El pasado martes 14 de abril partió a la vida eterna un gran mexicano que dejó huella de su ejemplo de vida familiar y política: Ignacio Pichardo Pagaza, nacido en Toluca en 1935, de ciudadanía universal.
Como muchos lectores lo saben me unió con él una amistad desde muy joven. Lo conocí en 1967, tenía apenas 19 años y estudiaba en la UNAM, Ciencias Políticas. Mi amigo Julián Salazar Medina me llevó a conocerlo y nos incluyó en su grupo de ayudantes. Nacho era diputado federal y presidía la Comisión de Hacienda y Cuenta Pública, como se llamaba entonces. Ahí conocí también a José Merino Mañón, ser humano y profesional de las finanzas públicas, a Gabriel Ezeta Moll, abogado y sensible político, y a otros amigos que podría llenar el espacio de esta columna y faltaría. Conocí también a su gran compañera, la distinguida Julieta Pichardo, admirable mujer que supo hacer una gran Familia, luego a sus hijos: Ignacio, buen amigo, con vocación por la política; Julieta, brillante profesionista; y Alfonso, con gusto e inteligencia por la música.
Hay en la vida del mundo, como en la de los seres humanos, días aciagos, como dice la novela de Alfonso Reyes, que nos llenan de consternación, en un duelo que ni espera, ni pretende consuelo alguno.
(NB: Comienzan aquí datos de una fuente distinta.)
(* Let $I\subset\mathbb R$ be a bounded closed non-degenerate interval, $r\ge1$, and let $f:I\to\overline{\mathbb R}$ be non-decreasing with $f\in L^r(I)$. Let $a,b\in\mathbb R$ with $a<b$. Then the function $$\psi(\xi)=\big\|f-\big(a\mathbf 1_{[\min I,\xi[}+b\mathbf 1_{[\xi,\max I]}\big)\big\|_{L^r(I)},\qquad \xi\in I,$$ attains its minimal value at $\xi$ if and only if $\xi\in Q^f_{(a+b)/2}$.
   Context: For a non-decreasing $f:I\to\overline{\mathbb R}$ on a closed non-degenerate interval $I$ and $t\in\overline{\mathbb R}$, the $t$-quantile set is $Q^f_t=[\inf\{x\in I:f(x)\ge t\},\ \sup\{x\in I:f(x)\le t\}]$, with the conventions $\inf\varnothing=\max I$, $\sup\varnothing=\min I$. *)

theory Defs
  imports "HOL-Analysis.Analysis"
begin

definition in_Lr :: "real \<Rightarrow> real \<Rightarrow> real \<Rightarrow> (real \<Rightarrow> ereal) \<Rightarrow> bool" where
  "in_Lr r lo hi f \<longleftrightarrow>
     f \<in> borel_measurable (lebesgue_on {lo..hi}) \<and>
     (AE x in lebesgue_on {lo..hi}. \<bar>f x\<bar> \<noteq> \<infinity>) \<and>
     integrable (lebesgue_on {lo..hi}) (\<lambda>x. \<bar>real_of_ereal (f x)\<bar> powr r)"

definition Lr_dist :: "real \<Rightarrow> real \<Rightarrow> real \<Rightarrow> (real \<Rightarrow> ereal) \<Rightarrow> (real \<Rightarrow> real) \<Rightarrow> real" where
  "Lr_dist r lo hi f g =
     (integral\<^sup>L (lebesgue_on {lo..hi}) (\<lambda>x. \<bar>real_of_ereal (f x) - g x\<bar> powr r)) powr (1 / r)"

definition step_fun :: "real \<Rightarrow> real \<Rightarrow> real \<Rightarrow> real \<Rightarrow> real" where
  "step_fun a b xi x = (if x < xi then a else b)"

definition quantile_set :: "real \<Rightarrow> real \<Rightarrow> (real \<Rightarrow> ereal) \<Rightarrow> ereal \<Rightarrow> real set" where
  "quantile_set lo hi f t =
     {(if {x\<in>{lo..hi}. f x \<ge> t} = {} then hi else Inf {x\<in>{lo..hi}. f x \<ge> t}) ..
      (if {x\<in>{lo..hi}. f x \<le> t} = {} then lo else Sup {x\<in>{lo..hi}. f x \<le> t})}"

end

theory Submission
  imports Defs
begin

text \<open>Moving the jump of the step function from \<open>l\<close> to \<open>u > l\<close> replaces the value \<open>b\<close> by \<open>a\<close>
  on \<open>[l, u[\<close>, which changes the integrand \<open>|f - step|^r\<close> by \<open>|f - a|^r - |f - b|^r\<close>; this
  difference has the sign of \<open>f - (a + b)/2\<close>. As \<open>f\<close> is monotone, it lies below the midpoint
  to the left of the quantile set and above it to the right, so moving the jump towards the
  quantile set never increases the cost, and strictly decreases it if the jump starts outside
  (the interval swept over then has positive length).\<close>

lemma powr_le_powr_iff:
  fixes x y p :: real
  assumes "0 \<le> x" "0 \<le> y" "0 < p"
  shows "x powr p \<le> y powr p \<longleftrightarrow> x \<le> y"
  using assms by (meson linorder_not_less powr_less_mono2 powr_mono2 less_imp_le)

text \<open>Change of the pointwise cost \<open>|y - step|^r\<close> when the step value \<open>b\<close> is replaced by \<open>a\<close>.\<close>
definition swap_cost :: "real \<Rightarrow> real \<Rightarrow> real \<Rightarrow> real \<Rightarrow> real" where
  "swap_cost r a b y = \<bar>y - a\<bar> powr r - \<bar>y - b\<bar> powr r"

lemma swap_cost_nonpos_iff:
  fixes r a b :: real and e :: ereal
  assumes "a < b" "0 < r" "\<bar>e\<bar> \<noteq> \<infinity>"
  shows "swap_cost r a b (real_of_ereal e) \<le> 0 \<longleftrightarrow> e \<le> ereal ((a + b) / 2)"
proof -
  obtain y where e: "e = ereal y" using assms(3) by (cases e) auto
  have "swap_cost r a b y \<le> 0 \<longleftrightarrow> \<bar>y - a\<bar> \<le> \<bar>y - b\<bar>"
    unfolding swap_cost_def using powr_le_powr_iff[of "\<bar>y - a\<bar>" "\<bar>y - b\<bar>" r] assms(2) by simp
  also have "\<dots> \<longleftrightarrow> y \<le> (a + b) / 2" using assms(1) by (auto simp: abs_if)
  finally show ?thesis using e by simp
qed

lemma swap_cost_neg_iff:
  fixes r a b :: real and e :: ereal
  assumes "a < b" "0 < r" "\<bar>e\<bar> \<noteq> \<infinity>"
  shows "swap_cost r a b (real_of_ereal e) < 0 \<longleftrightarrow> e < ereal ((a + b) / 2)"
proof -
  obtain y where e: "e = ereal y" using assms(3) by (cases e) auto
  have "swap_cost r a b y < 0 \<longleftrightarrow> \<bar>y - a\<bar> < \<bar>y - b\<bar>"
    unfolding swap_cost_def using powr_le_powr_iff[of "\<bar>y - b\<bar>" "\<bar>y - a\<bar>" r] assms(2) by auto
  also have "\<dots> \<longleftrightarrow> y < (a + b) / 2" using assms(1) by (auto simp: abs_if)
  finally show ?thesis using e by simp
qed

definition quantile_lower :: "real \<Rightarrow> real \<Rightarrow> (real \<Rightarrow> ereal) \<Rightarrow> ereal \<Rightarrow> real" where
  "quantile_lower lo hi f t =
     (if {x\<in>{lo..hi}. f x \<ge> t} = {} then hi else Inf {x\<in>{lo..hi}. f x \<ge> t})"

definition quantile_upper :: "real \<Rightarrow> real \<Rightarrow> (real \<Rightarrow> ereal) \<Rightarrow> ereal \<Rightarrow> real" where
  "quantile_upper lo hi f t =
     (if {x\<in>{lo..hi}. f x \<le> t} = {} then lo else Sup {x\<in>{lo..hi}. f x \<le> t})"

lemma quantile_set_eq: "quantile_set lo hi f t = {quantile_lower lo hi f t .. quantile_upper lo hi f t}"
  unfolding quantile_set_def quantile_lower_def quantile_upper_def ..

lemma quantile_lower_mem:
  assumes "lo \<le> hi"
  shows "quantile_lower lo hi f t \<in> {lo..hi}"
proof (cases "{x\<in>{lo..hi}. f x \<ge> t} = {}")
  case False
  let ?S = "{x\<in>{lo..hi}. f x \<ge> t}"
  obtain y where y: "y \<in> ?S" using False by blast
  have "bdd_below ?S" by (rule bdd_belowI[of _ lo]) auto
  with y have "Inf ?S \<le> y" by (rule cInf_lower)
  with y have "Inf ?S \<le> hi" by simp
  moreover have "lo \<le> Inf ?S" using False by (intro cInf_greatest) auto
  ultimately show ?thesis using False unfolding quantile_lower_def by simp
qed (use assms in \<open>simp add: quantile_lower_def\<close>)

lemma quantile_upper_mem:
  assumes "lo \<le> hi"
  shows "quantile_upper lo hi f t \<in> {lo..hi}"
proof (cases "{x\<in>{lo..hi}. f x \<le> t} = {}")
  case False
  let ?S = "{x\<in>{lo..hi}. f x \<le> t}"
  obtain y where y: "y \<in> ?S" using False by blast
  have "bdd_above ?S" by (rule bdd_aboveI[of _ hi]) auto
  with y have "y \<le> Sup ?S" by (rule cSup_upper)
  with y have "lo \<le> Sup ?S" by simp
  moreover have "Sup ?S \<le> hi" using False by (intro cSup_least) auto
  ultimately show ?thesis using False unfolding quantile_upper_def by simp
qed (use assms in \<open>simp add: quantile_upper_def\<close>)

lemma less_quantile_lowerD:
  assumes "x \<in> {lo..hi}" "x < quantile_lower lo hi f t"
  shows "f x < t"
proof (rule ccontr)
  let ?S = "{x\<in>{lo..hi}. f x \<ge> t}"
  assume "\<not> f x < t"
  then have "x \<in> ?S" using assms(1) by auto
  moreover have "bdd_below ?S" by (rule bdd_belowI[of _ lo]) auto
  ultimately have "Inf ?S \<le> x" by (rule cInf_lower)
  moreover have "quantile_lower lo hi f t = Inf ?S"
    using \<open>x \<in> ?S\<close> unfolding quantile_lower_def by auto
  ultimately show False using assms(2) by linarith
qed

lemma quantile_upper_lessD:
  assumes "x \<in> {lo..hi}" "quantile_upper lo hi f t < x"
  shows "t < f x"
proof (rule ccontr)
  let ?S = "{x\<in>{lo..hi}. f x \<le> t}"
  assume "\<not> t < f x"
  then have "x \<in> ?S" using assms(1) by auto
  moreover have "bdd_above ?S" by (rule bdd_aboveI[of _ hi]) auto
  ultimately have "x \<le> Sup ?S" by (rule cSup_upper)
  moreover have "quantile_upper lo hi f t = Sup ?S"
    using \<open>x \<in> ?S\<close> unfolding quantile_upper_def by auto
  ultimately show False using assms(2) by linarith
qed

lemma quantile_lower_lessD:
  assumes "mono_on {lo..hi} f" "x \<in> {lo..hi}" "quantile_lower lo hi f t < x"
  shows "t \<le> f x"
proof -
  let ?S = "{x\<in>{lo..hi}. f x \<ge> t}"
  have ne: "?S \<noteq> {}"
    using assms(2,3) unfolding quantile_lower_def by (cases "?S = {}") auto
  then have "quantile_lower lo hi f t = Inf ?S"
    unfolding quantile_lower_def by (rule if_not_P)
  with assms(3) have "Inf ?S < x" by (rule back_subst)
  from cInf_lessD[OF ne this] obtain y where y: "y \<in> ?S" "y < x" ..
  then have "t \<le> f y" "f y \<le> f x" using assms(1,2) by (auto intro: mono_onD)
  then show ?thesis by (rule order.trans)
qed

lemma less_quantile_upperD:
  assumes "mono_on {lo..hi} f" "x \<in> {lo..hi}" "x < quantile_upper lo hi f t"
  shows "f x \<le> t"
proof -
  let ?S = "{x\<in>{lo..hi}. f x \<le> t}"
  have ne: "?S \<noteq> {}"
    using assms(2,3) unfolding quantile_upper_def by (cases "?S = {}") auto
  then have "quantile_upper lo hi f t = Sup ?S"
    unfolding quantile_upper_def by (rule if_not_P)
  with assms(3) have "x < Sup ?S" by (rule back_subst)
  from less_cSupD[OF ne this] obtain y where y: "y \<in> ?S" "x < y" ..
  then have "f x \<le> f y" "f y \<le> t" using assms(1,2) by (auto intro: mono_onD)
  then show ?thesis by (rule order.trans)
qed

lemma AE_lebesgue_on_neq:
  assumes "c \<in> {lo..hi}"
  shows "AE x in lebesgue_on {lo..hi}. x \<noteq> (c::real)"
  using assms by (intro AE_discrete_difference[where X="{c}", simplified])
    (auto simp: emeasure_restrict_space sets_restrict_space_iff)

lemma integral_pos_lebesgue_on:
  fixes g :: "real \<Rightarrow> real"
  assumes "integrable (lebesgue_on {lo..hi}) g"
    and "AE x in lebesgue_on {lo..hi}. 0 \<le> g x"
    and "AE x in lebesgue_on {lo..hi}. x \<in> {l<..<u} \<longrightarrow> 0 < g x"
    and "lo \<le> l" "l < u" "u \<le> hi"
  shows "0 < integral\<^sup>L (lebesgue_on {lo..hi}) g"
proof -
  have "integral\<^sup>L (lebesgue_on {lo..hi}) g \<noteq> 0"
  proof
    assume "integral\<^sup>L (lebesgue_on {lo..hi}) g = 0"
    then have "AE x in lebesgue_on {lo..hi}. g x = 0"
      using integral_nonneg_eq_0_iff_AE[OF assms(1,2)] by simp
    with assms(3) have "AE x in lebesgue_on {lo..hi}. x \<notin> {l<..<u}"
      by eventually_elim auto
    moreover have "emeasure (lebesgue_on {lo..hi}) {l<..<u} \<noteq> 0"
      using assms(4-6) by (subst emeasure_restrict_space) auto
    ultimately show False
      using assms(4-6) by (subst (asm) AE_iff_measurable[where N="{l<..<u}"])
        (auto simp: sets_restrict_space_iff)
  qed
  with integral_nonneg_AE[OF assms(2)] show ?thesis by linarith
qed

lemma abs_diff_powr_le:
  fixes y z C r :: real
  assumes "0 \<le> r" "\<bar>z\<bar> \<le> C"
  shows "\<bar>y - z\<bar> powr r \<le> 2 powr r * (\<bar>y\<bar> powr r + C powr r)"
proof -
  have "\<bar>y - z\<bar> powr r \<le> (2 * max \<bar>y\<bar> C) powr r"
    using assms by (intro powr_mono2) auto
  also have "\<dots> = 2 powr r * max \<bar>y\<bar> C powr r"
    using assms by (subst powr_mult) auto
  also have "\<dots> \<le> 2 powr r * (\<bar>y\<bar> powr r + C powr r)"
    by (intro mult_left_mono) (auto simp: max_def)
  finally show ?thesis .
qed

lemma integrable_Lr_diff_bounded:
  assumes "in_Lr r lo hi f" "0 < r"
    and "g \<in> borel_measurable (lebesgue_on {lo..hi})" "\<And>x. \<bar>g x\<bar> \<le> C"
  shows "integrable (lebesgue_on {lo..hi}) (\<lambda>x. \<bar>real_of_ereal (f x) - g x\<bar> powr r)"
proof (rule Bochner_Integration.integrable_bound)
  have "finite_measure (lebesgue_on {lo..hi})"
    by (rule finite_measure_lebesgue_on) simp
  then show "integrable (lebesgue_on {lo..hi})
      (\<lambda>x. 2 powr r * (\<bar>real_of_ereal (f x)\<bar> powr r + C powr r))"
    using assms(1) unfolding in_Lr_def
    by (intro integrable_mult_right integrable_add finite_measure.integrable_const) auto
  have "(\<lambda>x. real_of_ereal (f x)) \<in> borel_measurable (lebesgue_on {lo..hi})"
    using assms(1) borel_measurable_real_of_ereal unfolding in_Lr_def by (auto intro: measurable_compose)
  with assms(3) show "(\<lambda>x. \<bar>real_of_ereal (f x) - g x\<bar> powr r) \<in> borel_measurable (lebesgue_on {lo..hi})"
    by measurable
  show "AE x in lebesgue_on {lo..hi}. norm (\<bar>real_of_ereal (f x) - g x\<bar> powr r)
      \<le> norm (2 powr r * (\<bar>real_of_ereal (f x)\<bar> powr r + C powr r))"
  proof (rule AE_I2)
    fix x
    show "norm (\<bar>real_of_ereal (f x) - g x\<bar> powr r)
        \<le> norm (2 powr r * (\<bar>real_of_ereal (f x)\<bar> powr r + C powr r))"
      using abs_diff_powr_le[OF _ assms(4), of r "real_of_ereal (f x)" x] assms(2)
      unfolding real_norm_def by (smt (verit) powr_ge_zero)
  qed
qed

definition Lr_integral :: "real \<Rightarrow> real \<Rightarrow> real \<Rightarrow> (real \<Rightarrow> ereal) \<Rightarrow> (real \<Rightarrow> real) \<Rightarrow> real" where
  "Lr_integral r lo hi f g =
     integral\<^sup>L (lebesgue_on {lo..hi}) (\<lambda>x. \<bar>real_of_ereal (f x) - g x\<bar> powr r)"

lemma Lr_dist_le_iff:
  assumes "0 < r"
  shows "Lr_dist r lo hi f g \<le> Lr_dist r lo hi f g' \<longleftrightarrow> Lr_integral r lo hi f g \<le> Lr_integral r lo hi f g'"
  unfolding Lr_dist_def Lr_integral_def using assms
  by (intro powr_le_powr_iff integral_nonneg) auto

lemma step_fun_borel_measurable: "step_fun a b xi \<in> borel_measurable (lebesgue_on S)"
  unfolding step_fun_def by measurable (auto simp: id_def[symmetric])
Aunque muchos familiares, amigos, colaboradores y admiradores de Ignacio teníamos afán de acompañarlo en su funeral de despedida, para recoger ese llanto que surge de un dolor compartido, haciendo grande la manifestación de nuestra pena, las medidas restrictivas de nuestras actividades lo impidieron.
Coincidió con esta situación que padece nuestro México querido, por una de esas terribles aflicciones, la pandemia que nos mantiene distantes y encerrados en casa, para prevenir y evitar males mayores, impidiéndonos expresar el sentimiento de ese dolor profundo, inmenso cuando ha muerto un ser humano de la época, cuando deja de existir uno de nuestros seres predilectos, creador de instituciones, formas de hacer política, de ejemplar paso por la administración pública, principalmente del Estado de México, respetabilidad por el servicio público, quien cumplida su obra a cabalidad partió hacia la senda de la vida eterna.
Ofrezco disculpas a nuestros lectores, porque no encontré expresiones satisfactorias que cumplan mi deseo, ni el de quienes le conocimos para elogiar su vida, ni tampoco para explicar el sentimiento de dolor que nos embarga. Estoy convencido que practicar sus enseñanzas, su ejemplo, será el mejor elogio, el más certero del ser humano que nos llenó de vida, con su austera severidad, sus virtudes privadas, su obra escrita en muchos temas, su paso ejemplar por tan diversos cargos públicos, principalmente el de gobernador del Estado de México. Termino recordando su respuesta a una pregunta que algún día le hice: ¿Cuál es la mejor manera de hacer política? De inmediato, sin titubear, seguro, me contestó: el trabajo. Servir a los demás con honestidad y verdad.